> Problem requirements: The reply to the records below should contain exactly the lines from the line with "obtain M where" through the line with "(\<integral>\<^sup>+\<eta>. ennreal (cone_weight", and nothing besides.

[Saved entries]

lemma product_estimate_acute_cone:
  fixes \<Gamma> :: "'a::euclidean_space set"
  assumes "closed \<Gamma>" "convex_cone \<Gamma>" "acute_cone \<Gamma>"
    and "\<sigma> \<le> s1" "\<sigma> \<le> s2" "\<sigma> < s1 + s2 - real DIM('a) / 2"
  shows "product_estimate \<Gamma> s1 s2 \<sigma>"
proof -
  obtain M where "M \<ge> 0" and "\<And>\<xi>. ennreal (japanese \<xi> powr (2 * \<sigma>))
      * (\<integral>\<^sup>+\<eta>. ennreal (cone_weight \<Gamma> s1 s2 \<xi> \<eta>) ^ 2 \<partial>lborel) \<le> ennreal M"
    using cone_weight_integral_bounded[OF borel_closed[OF assms(1)] assms(3-6)] by blast
  then show ?thesis
    by (rule product_estimate_if_cone_weight_bounded[OF assms(1,2)])
qed

theorem proposition5p1:
  fixes \<Gamma> :: "'a::euclidean_space set"
  assumes "closed \<Gamma>" and "convex_cone \<Gamma>" and "acute_cone \<Gamma>"
  shows "(\<forall>s1 s2 \<sigma>. s1 \<le> 0 \<and> s2 \<le> real DIM('a) / 2 \<and> \<sigma> < - real DIM('a) / 2 + s1 + s2
            \<longrightarrow> product_estimate \<Gamma> s1 s2 \<sigma>)
       \<and> (\<forall>s1 s2 \<sigma>. s1 \<ge> 0 \<and> \<sigma> \<le> s1 \<and> \<sigma> < - real DIM('a) / 2 + s2
            \<longrightarrow> product_estimate \<Gamma> s1 s2 \<sigma>)"
  using product_estimate_acute_cone[OF assms] by (auto simp: algebra_simps)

> Response to the exercise:
  obtain M where "M \<ge> 0" and "\<And>\<xi>. ennreal (japanese \<xi> powr (2 * \<sigma>))
      * (\<integral>\<^sup>+\<eta>. ennreal (cone_weight \<Gamma> s1 s2 \<xi> \<eta>) ^ 2 \<partial>lborel) \<le> ennreal M"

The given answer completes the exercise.